O mármore, formado pelo metamorfismo do calcário, sempre foi associado à nobreza e à arte. Escultores gregos e romanos o usavam para estátuas e fachadas. O granito, mais resistente, foi a base de pirâmides egípcias e fortificações medievais. Ambas as pedras, porém, compartilham um caminho: saem da natureza, passam por serras e polimentos, e viram bancadas, pisos ou revestimentos.

Em Minas, a indústria de rochas ornamentais emprega milhares de trabalhadores. O estado é um dos maiores produtores do país, com jazidas que abastecem o mercado interno e externo. A extração exige técnica e cuidado, pois cada veio de pedra é único. O beneficiamento transforma blocos brutos em chapas polidas, prontas para a construção civil.

O calcário, outra rocha citada na história, também tem papel na arquitetura mineira. Muitas construções históricas de Ouro Preto e Tiradentes usam essa pedra, que com o tempo ganha pátina e charme. A escolha entre mármore, granito ou calcário depende do uso: granito para áreas externas, mármore para interiores nobres.

A chegada dessas pedras à sua casa envolve logística.
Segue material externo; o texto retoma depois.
lemma negative_coefficient:
  assumes adj: "adjacent_facet i G"
  shows "q i < 0 \<longleftrightarrow> v \<in> G" and "q i < 0 \<Longrightarrow> q i = -1 \<and> inner (eta G) (e i) = 0"
proof -
  have G: "G facet_of P" and ej: "\<And>j. j \<noteq> i \<Longrightarrow> e j \<in> G" and ei: "e i \<notin> G"
    using adj by (auto simp: adjacent_facet_def)
  define w where "w = eta G"
  have w_lattice: "lattice_pt w"
    unfolding w_def using lattice_pt_eta[OF reflexive G] .
  have w_ge: "x \<in> P \<Longrightarrow> -1 \<le> inner w x"
    and mem_G: "x \<in> P \<Longrightarrow> x \<in> G \<longleftrightarrow> inner w x = -1" for x
    unfolding w_def using eta_facet[OF fano G] by auto
  have w_ei_Ints: "inner w (e i) \<in> \<int>" and w_v_Ints: "inner w v \<in> \<int>"
    using lattice_pt_inner_Ints w_lattice lattice_pt_e lattice_pt_v by auto
  have "-1 < inner w (e i)"
    using w_ge[OF e_mem_P[of i]] mem_G[OF e_mem_P[of i]] ei by fastforce
  then have w_ei_ge: "0 \<le> inner w (e i)"
    using Ints_less_imp_add_one_le[of "-1"] w_ei_Ints by fastforce
  have w_ei_le: "inner w (e i) \<le> 1"
    using w_ge[OF minus_e_mem_P[of i]] by simp
  have w_v: "inner w v = q i * (inner w (e i) + 1)"
    using sum_mult_eq_if_const_off[OF _ _ sum_q, of i "\<lambda>j. inner w (e j)" "-1"] ej mem_G e_mem_P
    by (simp add: inner_v)
  have v_G_iff: "q i < 0 \<longleftrightarrow> v \<in> G"
  proof
    assume "q i < 0"
    then have "inner w v < 0"
      using w_ei_ge by (simp add: w_v mult_neg_pos)
    then have "inner w v = -1"
      using Ints_less_imp_add_one_le[of _ 0] w_v_Ints w_ge[OF v_mem_P] by fastforce
    then show "v \<in> G"
      using mem_G[OF v_mem_P] by simp
  next
    assume "v \<in> G"
    then have "q i * (inner w (e i) + 1) = -1"
      using mem_G[OF v_mem_P] w_v by simp
    then show "q i < 0"
      using w_ei_ge by (smt (verit) mult_nonneg_nonneg)
  qed
  show "q i < 0 \<longleftrightarrow> v \<in> G"
    by (fact v_G_iff)
  assume "q i < 0"
  have "inner w (e i) \<noteq> 1"
  proof
    assume "inner w (e i) = 1"
    then have "- e i \<in> G"
      using mem_G[OF minus_e_mem_P[of i]] by simp
    then show False
      using minus_e_notin_adjacent_facet[OF adj] v_G_iff \<open>q i < 0\<close> by blast
  qed
  then have "inner w (e i) = 0"
    using Ints_less_imp_add_one_le[of 0] w_ei_Ints w_ei_ge w_ei_le by fastforce
  moreover have "inner w v = -1"
    using v_G_iff \<open>q i < 0\<close> mem_G[OF v_mem_P] by blast
  ultimately show "q i = -1 \<and> inner (eta G) (e i) = 0"
    using w_v by (simp add: w_def)
qed
(* Let $\Omega\subset\mathbb{R}^d$ ($d=2,3$) be a rectangular box with periodic boundary conditions, let $\nu>0$ and $\gamma>0$, and let $\bm F\in L^\infty(0,\infty;\bm H)$. Let $0=t_0<t_1<t_2<\cdots$ be an arbitrary sequence of time nodes with step sizes $\tau_k=t_k-t_{k-1}>0$ (no restriction on the step sizes or their ratios). Assume $(\bm u^i,r^i)\in\big((\dot H^\alpha_{\mathrm{per}}(\Omega))^d\cap\bm H\big)\times\mathbb{R}$ for $i=0,1$ with $\alpha\ge \tfrac34$, and let $(\bm u^{n},r^{n})_{n\ge 0}$ be generated by the ETD-mr-SAV-MS2o scheme: for every $n\ge1$, $$\bm u^{n+1}=\varphi_0(\tau_{n+1}\nu\mathcal L)\bm u^n-\tau_{n+1}\big(1-(r^{n+1})^2\big)\varphi_1(\tau_{n+1}\nu\mathcal L)B(\tilde{\bm u}^{n+\frac12},\tilde{\bm u}^{n+\frac12})+\tau_{n+1}\varphi_1(\tau_{n+1}\nu\mathcal L)\bm F^{n+\frac12},$$ $$r^{n+1}=\varphi_0(\tau_{n+1}\gamma)r^n+\tau_{n+1}(1-r^{n+1})\big\langle\varphi_1(\tau_{n+1}\nu\mathcal L)B(\tilde{\bm u}^{n+\frac12},\tilde{\bm u}^{n+\frac12}),\bm u^{n+1}\big\rangle,$$ where $\tilde{\bm u}^{n+\frac12}=\frac{\tau_{n+1}+2\tau_n}{2\tau_n}\bm u^n-\frac{\tau_{n+1}}{2\tau_n}\bm u^{n-1}$ and $\bm F^{n+\frac12}=\bm F(t_n+\tfrac12\tau_{n+1})$. Set $\theta:=\min\{\nu\lambda_1,\gamma\}>0$. Then for all $n\ge1$, $$\|\bm u^{n+1}\|^2+|r^{n+1}+1|^2\le e^{-\theta\sum_{i=1}^n\tau_{i+1}}\big(\|\bm u^1\|^2+|r^1+1|^2\big)+\frac1\theta\Big(\frac{1}{\nu\lambda_1}\|\bm F\|^2_{L^\infty(0,\infty;\bm H)}+\gamma\Big).$$
   Context: $\|\cdot\|$ denotes the $L^2(\Omega)$ norm and $\langle\cdot,\cdot\rangle$ the $L^2$ inner product (extended to the duality pairing between $\dot H^1_{\mathrm{per}}$ and $H^{-1}_{\mathrm{per}}$). $(\dot H^k_{\mathrm{per}}(\Omega))^d$ is the closure in $(H^k(\Omega))^d$ of the $d$-dimensional zero-mean trigonometric polynomials; $\bm H=\{\bm u\in(\dot H^0_{\mathrm{per}}(\Omega))^d:\nabla\cdot\bm u=0\}$ and $\bm V=\{\bm u\in(\dot H^1_{\mathrm{per}}(\Omega))^d:\nabla\cdot\bm u=0\}$. $\mathcal P$ is the Leray–Hopf orthogonal projection of zero-mean $L^2$ vector fields onto $\bm H$; $\mathcal L=-\mathcal P\Delta$ is the Stokes operator, with smallest eigenvalue $\lambda_1>0$; $B(\bm u,\bm v)=\mathcal P(\bm u\cdot\nabla\bm v)$. The scalar functions are $\varphi_0(z)=e^{-z}$ and $\varphi_1(z)=(1-e^{-z})/z$ (with $\varphi_1(0)=1$); $\varphi_j(\tau\nu\mathcal L)$ is defined spectrally, i.e. acting on each divergence-free Fourier mode $\hat{\bm h}_{\bm k}e^{i\bm k\cdot\bm x}$ ($\bm k\ne0$) by multiplication with $\varphi_j(\tau\nu\lambda_{\bm k})$, where $\lambda_{\bm k}$ is the corresponding Stokes eigenvalue. *)

theory Defs
  imports "HOL-Analysis.Analysis"
begin
lemma conj_image_subset_if_no_ord_15:
  assumes fin: "finite (carrier G)" and no15: "\<And>y. y \<in> carrier G \<Longrightarrow> ord y \<noteq> 15"
    and N: "N \<lhd> G" and K: "K \<lhd> G\<lparr>carrier := N\<rparr>"
    and max: "\<And>T. T \<lhd> G\<lparr>carrier := N\<rparr> \<Longrightarrow> K \<subseteq> T \<Longrightarrow> T = K \<or> T = N"
    and a: "a \<in> N" "a [^] (3::nat) \<in> K" "a \<notin> K"
    and b: "b \<in> N" "b [^] (5::nat) \<in> K" "b \<notin> K"
    and g: "g \<in> carrier G"
  shows "(\<lambda>k. g \<otimes> k \<otimes> inv g) ` K \<subseteq> K"
proof (rule ccontr)
  let ?K' = "(\<lambda>k. g \<otimes> k \<otimes> inv g) ` K"
  assume not_sub: "\<not> ?K' \<subseteq> K"
  have sN: "subgroup N G" using normal_imp_subgroup[OF N] .
  interpret N: group "G\<lparr>carrier := N\<rparr>" by (rule subgroup_imp_group[OF sN])
  have K': "?K' \<lhd> G\<lparr>carrier := N\<rparr>" by (rule conj_image_normal_in_normal[OF N K g])
  have sK: "subgroup K G" and sK': "subgroup ?K' G"
    using normal_in_subgroupD(1)[OF sN K] normal_in_subgroupD(1)[OF sN K'] .
  have KG: "K \<subseteq> carrier G" "?K' \<subseteq> carrier G" using subgroup.subset sK sK' by auto
  have prod: "K <#> ?K' \<lhd> G\<lparr>carrier := N\<rparr>"
    using N.normal_subgroup_set_mult_closed[OF K K'] by simp
  have "K \<subseteq> K <#> ?K'"
    using subgroup.one_closed[OF sK'] KG unfolding set_mult_def by force
  moreover have "?K' \<subseteq> K <#> ?K'"
    using subgroup.one_closed[OF sK] KG unfolding set_mult_def by force
  ultimately have KK': "K <#> ?K' = N" using max[OF prod] not_sub by blast
  have bG: "b \<in> carrier G" using b(1) subgroup.mem_carrier[OF sN] by blast
  have "g \<otimes> b \<otimes> inv g \<in> N" using normal.inv_op_closed2[OF N g b(1)] .
  moreover have "(g \<otimes> b \<otimes> inv g) [^] (5::nat) \<in> ?K'" "g \<otimes> b \<otimes> inv g \<notin> ?K'"
    using conj_nat_pow[OF g bG] conj_mem_conj_image_iff[OF g _ KG(1)] bG b(2,3) by simp_all
  ultimately have "\<exists>y\<in>carrier (G\<lparr>carrier := N\<rparr>). N.ord y = 3 * 5"
    using KK' a finite_subset[OF subgroup.subset[OF sN] fin]
    by (intro N.exists_ord_mult_if_normal_product[OF _ K K', of 3 5 a "g \<otimes> b \<otimes> inv g"])
      (simp_all flip: nat_pow_consistent)
  then show False using no15 ord_consistent[OF sN] subgroup.mem_carrier[OF sN] by force
qed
Do transporte das jazidas às serrarias, cada etapa agrega valor. O preço final reflete o custo da extração, do corte, do polimento e do frete. Para o consumidor mineiro, a vantagem está na proximidade das fontes.

A tendência para os próximos anos é de crescimento na demanda por pedras naturais, impulsionada pela construção sustentável. Em Minas, a mineração de rochas ornamentais deve continuar gerando empregos, desde que haja investimento em tecnologia e respeito ao meio ambiente.

Perguntas Frequentes

Como o mármore é formado?

O mármore é formado pelo metamorfismo do calcário, um processo geológico que transforma a rocha sob alta pressão e temperatura.
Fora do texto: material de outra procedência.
theorem theorem8:
  fixes cls :: "'t::finite \<Rightarrow> 'c"
    and I \<nu> p :: "'t \<Rightarrow> real"
    and \<beta> :: real
    and bb :: "'t \<times> 't \<Rightarrow> 't \<times> 't \<Rightarrow> real"
    and bu :: "'t \<Rightarrow> 't \<Rightarrow> real"
  assumes nu_pos: "\<And>v. \<nu> v > 0"
    and nu_class: "\<And>v w. cls v = cls w \<Longrightarrow> \<nu> v = \<nu> w"
    and beta_pos: "\<beta> > 0"
    and p_pos: "\<And>v. p v > 0"
    and bin_db: "\<And>v w v' w'. p v * p w * bb (v, w) (v', w') = p v' * p w' * bb (v', w') (v, w)"
    and un_class: "\<And>v w. bu v w \<noteq> 0 \<Longrightarrow> cls v = cls w"
    and un_db: "\<And>v w. p v * bu v w = p w * bu w v"
    and bin_nu: "\<And>v w v' w'. bb (v, w) (v', w') \<noteq> 0 \<Longrightarrow> \<nu> v + \<nu> w = \<nu> v' + \<nu> w'"
  shows "(\<forall>v w v' w' U. bb (v, w) (v', w') \<noteq> 0 \<longrightarrow> U > max (Ipair I (v, w)) (Ipair I (v', w')) \<longrightarrow>
            piw \<beta> I \<nu> p v * piw \<beta> I \<nu> p w * fpair \<beta> I \<nu> (v, w) U * abin I \<nu> bb (v, w) (v', w') U
          = piw \<beta> I \<nu> p v' * piw \<beta> I \<nu> p w' * fpair \<beta> I \<nu> (v', w') U * abin I \<nu> bb (v', w') (v, w) U)
       \<and> (\<forall>v w U. bu v w \<noteq> 0 \<longrightarrow> cls v = cls w \<longrightarrow> U > max (I v) (I w) \<longrightarrow>
            piw \<beta> I \<nu> p v * fdens \<beta> I \<nu> v U * aun I \<nu> bu v w U
          = piw \<beta> I \<nu> p w * fdens \<beta> I \<nu> w U * aun I \<nu> bu w v U)"
proof (intro conjI allI impI)
  fix v w v' w' U
  assume "bb (v, w) (v', w') \<noteq> 0" and U: "U > max (Ipair I (v, w)) (Ipair I (v', w'))"
  then have shape: "nupair \<nu> (v', w') = nupair \<nu> (v, w)"
    using bin_nu by (simp add: nupair_def)
  define n where "n = nupair \<nu> (v, w)"
  define S S' where "S = U - Ipair I (v, w)" and "S' = U - Ipair I (v', w')"
  have Ui: "U > Ipair I (v, w)" and Uj: "U > Ipair I (v', w')" using U by auto
  have "piw \<beta> I \<nu> p v * piw \<beta> I \<nu> p w * fpair \<beta> I \<nu> (v, w) U * abin I \<nu> bb (v, w) (v', w') U
      = (p v * p w * bb (v, w) (v', w')) * (exp (- \<beta> * U) / Gamma n * S powr (n - 1) * S' powr (n - 1))"
    unfolding piw_fpair[OF nu_pos nu_pos beta_pos Ui] abin_def
    using Uj by (simp add: shape n_def S_def S'_def)
  also have "\<dots> = piw \<beta> I \<nu> p v' * piw \<beta> I \<nu> p w' * fpair \<beta> I \<nu> (v', w') U * abin I \<nu> bb (v', w') (v, w) U"
    unfolding bin_db[of v w v' w'] piw_fpair[OF nu_pos nu_pos beta_pos Uj] abin_def
    using Ui by (simp add: shape n_def S_def S'_def)
  finally show "piw \<beta> I \<nu> p v * piw \<beta> I \<nu> p w * fpair \<beta> I \<nu> (v, w) U * abin I \<nu> bb (v, w) (v', w') U
     = piw \<beta> I \<nu> p v' * piw \<beta> I \<nu> p w' * fpair \<beta> I \<nu> (v', w') U * abin I \<nu> bb (v', w') (v, w) U" .
next
  fix v w U
  assume "bu v w \<noteq> 0" and "cls v = cls w" and U: "U > max (I v) (I w)"
  then have shape: "\<nu> w = \<nu> v" using nu_class by metis
  have Uv: "U > I v" and Uw: "U > I w" using U by auto
  have "piw \<beta> I \<nu> p v * fdens \<beta> I \<nu> v U * aun I \<nu> bu v w U
      = (p v * bu v w) * (exp (- \<beta> * U) / Gamma (\<nu> v) * (U - I v) powr (\<nu> v - 1) * (U - I w) powr (\<nu> v - 1))"
    unfolding piw_fdens[where I=I and v=v, OF beta_pos Uv] aun_def using Uw by (simp add: shape)
  also have "\<dots> = piw \<beta> I \<nu> p w * fdens \<beta> I \<nu> w U * aun I \<nu> bu w v U"
    unfolding un_db[of v w] piw_fdens[where I=I and v=w, OF beta_pos Uw] aun_def using Uv by (simp add: shape)
  finally show "piw \<beta> I \<nu> p v * fdens \<beta> I \<nu> v U * aun I \<nu> bu v w U
      = piw \<beta> I \<nu> p w * fdens \<beta> I \<nu> w U * aun I \<nu> bu w v U" .
qed

end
Qual a diferença entre mármore e granito?

O granito é mais resistente e indicado para áreas externas, enquanto o mármore é mais nobre e usado em interiores.

Por que Minas Gerais é importante na produção de pedras?

Minas Gerais é um dos maiores produtores de rochas ornamentais do Brasil, com jazidas que geram emprego e renda no interior do estado.

Como as pedras chegam até minha casa?

Elas passam por extração, beneficiamento (corte e polimento) e transporte, processo que agrega valor ao produto final.

O calcário é usado na construção hoje?

Sim, especialmente em construções históricas e em projetos que buscam um visual rústico e tradicional.